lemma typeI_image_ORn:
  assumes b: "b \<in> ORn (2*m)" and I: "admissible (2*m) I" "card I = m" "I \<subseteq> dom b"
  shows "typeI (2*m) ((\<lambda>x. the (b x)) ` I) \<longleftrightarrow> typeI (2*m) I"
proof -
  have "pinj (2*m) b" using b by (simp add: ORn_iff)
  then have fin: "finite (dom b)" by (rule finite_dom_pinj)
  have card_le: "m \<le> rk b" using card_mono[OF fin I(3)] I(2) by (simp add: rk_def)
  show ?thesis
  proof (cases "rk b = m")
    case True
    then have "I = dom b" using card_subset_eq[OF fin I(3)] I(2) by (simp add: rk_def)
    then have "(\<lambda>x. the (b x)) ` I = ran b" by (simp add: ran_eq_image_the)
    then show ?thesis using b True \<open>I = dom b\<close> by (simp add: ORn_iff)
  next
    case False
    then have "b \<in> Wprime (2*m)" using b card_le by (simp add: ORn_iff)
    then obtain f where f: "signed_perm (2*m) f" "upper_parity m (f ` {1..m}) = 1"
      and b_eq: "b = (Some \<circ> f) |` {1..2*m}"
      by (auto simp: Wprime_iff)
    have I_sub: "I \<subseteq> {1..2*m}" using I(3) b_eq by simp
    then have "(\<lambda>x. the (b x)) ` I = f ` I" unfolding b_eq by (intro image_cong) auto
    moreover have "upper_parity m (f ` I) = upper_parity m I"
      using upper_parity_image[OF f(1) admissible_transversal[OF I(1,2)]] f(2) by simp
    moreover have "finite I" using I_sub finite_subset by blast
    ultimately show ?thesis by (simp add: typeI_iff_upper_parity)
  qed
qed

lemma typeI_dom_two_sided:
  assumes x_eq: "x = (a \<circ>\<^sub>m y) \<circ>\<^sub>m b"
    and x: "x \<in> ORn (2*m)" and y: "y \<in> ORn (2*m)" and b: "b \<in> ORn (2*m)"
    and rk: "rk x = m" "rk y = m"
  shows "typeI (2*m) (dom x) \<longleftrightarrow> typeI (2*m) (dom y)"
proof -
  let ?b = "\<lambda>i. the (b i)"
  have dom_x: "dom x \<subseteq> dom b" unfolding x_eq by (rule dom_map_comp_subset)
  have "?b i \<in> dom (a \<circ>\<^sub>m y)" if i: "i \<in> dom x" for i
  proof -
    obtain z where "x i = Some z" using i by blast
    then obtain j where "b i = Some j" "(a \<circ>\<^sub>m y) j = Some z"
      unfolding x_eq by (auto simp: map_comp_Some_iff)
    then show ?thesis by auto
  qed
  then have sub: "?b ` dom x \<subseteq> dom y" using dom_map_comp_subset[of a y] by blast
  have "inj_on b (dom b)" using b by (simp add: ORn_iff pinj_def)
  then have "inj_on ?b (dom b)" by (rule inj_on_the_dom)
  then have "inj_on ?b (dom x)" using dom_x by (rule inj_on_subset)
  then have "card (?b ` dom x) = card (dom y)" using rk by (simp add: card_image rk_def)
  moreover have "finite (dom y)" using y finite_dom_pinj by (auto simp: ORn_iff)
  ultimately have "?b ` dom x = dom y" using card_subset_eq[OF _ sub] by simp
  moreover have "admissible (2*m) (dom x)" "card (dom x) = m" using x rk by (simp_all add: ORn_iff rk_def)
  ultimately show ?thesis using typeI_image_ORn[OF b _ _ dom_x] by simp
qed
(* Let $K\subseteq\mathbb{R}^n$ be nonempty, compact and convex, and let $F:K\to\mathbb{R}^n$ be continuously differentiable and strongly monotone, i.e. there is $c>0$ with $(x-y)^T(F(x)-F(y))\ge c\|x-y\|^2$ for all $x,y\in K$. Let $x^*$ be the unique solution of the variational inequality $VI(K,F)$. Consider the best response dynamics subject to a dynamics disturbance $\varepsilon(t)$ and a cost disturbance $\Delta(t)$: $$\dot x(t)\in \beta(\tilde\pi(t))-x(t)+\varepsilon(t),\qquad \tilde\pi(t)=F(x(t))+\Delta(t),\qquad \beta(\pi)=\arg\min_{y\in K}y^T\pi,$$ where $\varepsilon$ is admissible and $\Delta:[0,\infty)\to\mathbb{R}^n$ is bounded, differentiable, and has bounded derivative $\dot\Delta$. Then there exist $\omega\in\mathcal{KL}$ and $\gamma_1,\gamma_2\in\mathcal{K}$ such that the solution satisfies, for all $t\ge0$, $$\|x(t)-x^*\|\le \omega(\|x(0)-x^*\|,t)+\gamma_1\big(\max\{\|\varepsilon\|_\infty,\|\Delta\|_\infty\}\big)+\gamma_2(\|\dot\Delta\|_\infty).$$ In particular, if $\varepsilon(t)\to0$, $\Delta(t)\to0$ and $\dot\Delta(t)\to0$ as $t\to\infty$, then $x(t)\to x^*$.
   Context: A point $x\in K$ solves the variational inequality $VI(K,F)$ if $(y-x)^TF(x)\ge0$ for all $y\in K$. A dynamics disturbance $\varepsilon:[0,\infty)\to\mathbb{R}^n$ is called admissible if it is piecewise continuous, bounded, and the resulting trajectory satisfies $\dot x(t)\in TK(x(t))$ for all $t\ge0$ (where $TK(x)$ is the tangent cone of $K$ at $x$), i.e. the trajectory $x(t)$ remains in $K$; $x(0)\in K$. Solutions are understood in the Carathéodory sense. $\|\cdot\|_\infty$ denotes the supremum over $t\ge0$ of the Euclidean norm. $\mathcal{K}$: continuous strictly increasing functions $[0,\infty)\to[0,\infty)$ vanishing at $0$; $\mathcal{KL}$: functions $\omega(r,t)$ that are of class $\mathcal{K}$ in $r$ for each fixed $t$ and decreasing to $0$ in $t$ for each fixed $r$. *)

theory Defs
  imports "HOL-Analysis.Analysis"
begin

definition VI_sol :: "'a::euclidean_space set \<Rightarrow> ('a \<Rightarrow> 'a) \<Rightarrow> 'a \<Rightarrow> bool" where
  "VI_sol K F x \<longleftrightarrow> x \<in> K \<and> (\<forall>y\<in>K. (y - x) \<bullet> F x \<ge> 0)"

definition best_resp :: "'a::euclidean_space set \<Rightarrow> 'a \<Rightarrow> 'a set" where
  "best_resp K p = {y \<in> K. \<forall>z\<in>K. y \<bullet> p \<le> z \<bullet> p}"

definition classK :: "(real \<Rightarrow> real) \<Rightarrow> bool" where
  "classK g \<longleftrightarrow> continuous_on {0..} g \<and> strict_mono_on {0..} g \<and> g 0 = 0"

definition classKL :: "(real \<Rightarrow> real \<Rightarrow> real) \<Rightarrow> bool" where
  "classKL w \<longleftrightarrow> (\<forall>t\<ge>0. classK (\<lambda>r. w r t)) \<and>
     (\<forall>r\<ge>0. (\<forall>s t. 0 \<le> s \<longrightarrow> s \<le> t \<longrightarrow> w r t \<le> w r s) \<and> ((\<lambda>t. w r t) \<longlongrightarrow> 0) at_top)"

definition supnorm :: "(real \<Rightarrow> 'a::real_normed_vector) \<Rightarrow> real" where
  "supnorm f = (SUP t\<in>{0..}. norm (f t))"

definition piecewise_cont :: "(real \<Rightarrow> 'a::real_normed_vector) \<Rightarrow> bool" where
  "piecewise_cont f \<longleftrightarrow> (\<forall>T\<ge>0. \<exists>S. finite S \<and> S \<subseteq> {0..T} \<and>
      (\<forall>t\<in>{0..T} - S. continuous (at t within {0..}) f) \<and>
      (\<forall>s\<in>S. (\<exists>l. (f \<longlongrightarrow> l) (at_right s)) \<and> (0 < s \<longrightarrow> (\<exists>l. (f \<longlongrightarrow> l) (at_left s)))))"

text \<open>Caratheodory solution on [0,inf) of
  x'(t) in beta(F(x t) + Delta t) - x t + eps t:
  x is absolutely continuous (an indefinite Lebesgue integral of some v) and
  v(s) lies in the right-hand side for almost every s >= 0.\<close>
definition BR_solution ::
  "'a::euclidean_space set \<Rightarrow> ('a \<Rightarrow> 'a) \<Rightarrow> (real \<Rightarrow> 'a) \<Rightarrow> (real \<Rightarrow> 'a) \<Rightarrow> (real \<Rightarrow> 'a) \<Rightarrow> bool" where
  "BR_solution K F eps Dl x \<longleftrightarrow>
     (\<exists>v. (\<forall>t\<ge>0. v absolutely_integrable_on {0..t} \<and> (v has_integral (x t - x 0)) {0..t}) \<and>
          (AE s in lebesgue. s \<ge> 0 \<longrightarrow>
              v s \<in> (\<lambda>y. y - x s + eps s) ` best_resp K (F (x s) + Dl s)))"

WHAT THIS TASK INVOLVES:
Find the string "obtain" in the entries above. Copy each line where it occurs.

COMPLETED EXERCISE:
    then obtain f where f: "signed_perm (2*m) f" "upper_parity m (f ` {1..m}) = 1"
    obtain z where "x i = Some z" using i by blast
    then obtain j where "b i = Some j" "(a \<circ>\<^sub>m y) j = Some z"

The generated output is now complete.